Comparing different likelihoods with loo-cv

Dear Stan community, I have a question that I have been making to myself for a long time.

To put in context:
I needed to compare different models to assess a dataset with a response for each patient with several values over time. For instance, one model was random effects Poisson, another was RE Negative Binomial, another one was a multivariate Poisson…, among others. Many of these models assumed different distributions for the response variable. All were longitudinal models, but, for example, one of them only used previous data points to predict only the final endpoint.

LOO-CV converges to the cross-validation score and the Kullback-Leibler divergence, so theoretically, all models using the same data are comparable with this criterion.

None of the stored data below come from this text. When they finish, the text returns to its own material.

lemma induced_hom_iso_if_homeomorphic:
  assumes hm: "homeomorphic_map (mtopology_of mY) (mtopology_of mX) f"
  shows "induced_hom \<in> iso G D"
  unfolding group_hom.iso_iff[OF group_hom_induced_hom]
proof (intro conjI ballI impI)
  have "im_f = mspace mX" using homeomorphic_imp_surjective_map[OF hm] by simp
  then have "carrier D \<subseteq> D'" using wX.act_image by auto
  then show "carrier D \<subseteq> induced_hom ` carrier G" unfolding D'_eq_image .
next
  obtain y0 where y0: "y0 \<in> mspace mY" "free_point G \<phi> y0" using free_orbit by blast
  fix \<gamma> assume g: "\<gamma> \<in> carrier G" and one: "induced_hom \<gamma> = \<one>\<^bsub>D\<^esub>"
  have "f (\<phi> \<gamma> y0) = f y0"
    using induced_hom_equivariant[OF g y0(1)] one wX.act_one[OF f_mspace[OF y0(1)]] by simp
  then have "\<phi> \<gamma> y0 = y0"
    using homeomorphic_imp_injective_map[OF hm] wY.act_closed[OF g y0(1)] y0(1)
    by (auto dest: inj_onD)
  then show "\<gamma> = \<one>\<^bsub>G\<^esub>" using y0(2) g unfolding free_point_def by blast
qed

end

However, reading McElreath’s Statistical Rethinking book, he states: “… it is tempting to use information criteria to compare models with different likelihood functions… Unfortunately, WAIC (or any other information criterion) cannot sort it out. The problem is that deviance is part normalizing constant. The constant affects the absolute magnitude of the deviance, but it doesn’t affect fit to data. Since information criteria are all based on deviance, their magnitude also depends on these constants. That is fine, so long as all of the models you compare use the same outcome distribution type… In that case, the constants subtract out when you compare models by their differences. But if the two models have different outcome distributions, the constants don’t subtract out, and you can be misled by a difference in AIC/DIC/WAIC.”

My question is whether McElreath is correct, and it is not possible to use PSIS-LOO to compare different likelihood performances.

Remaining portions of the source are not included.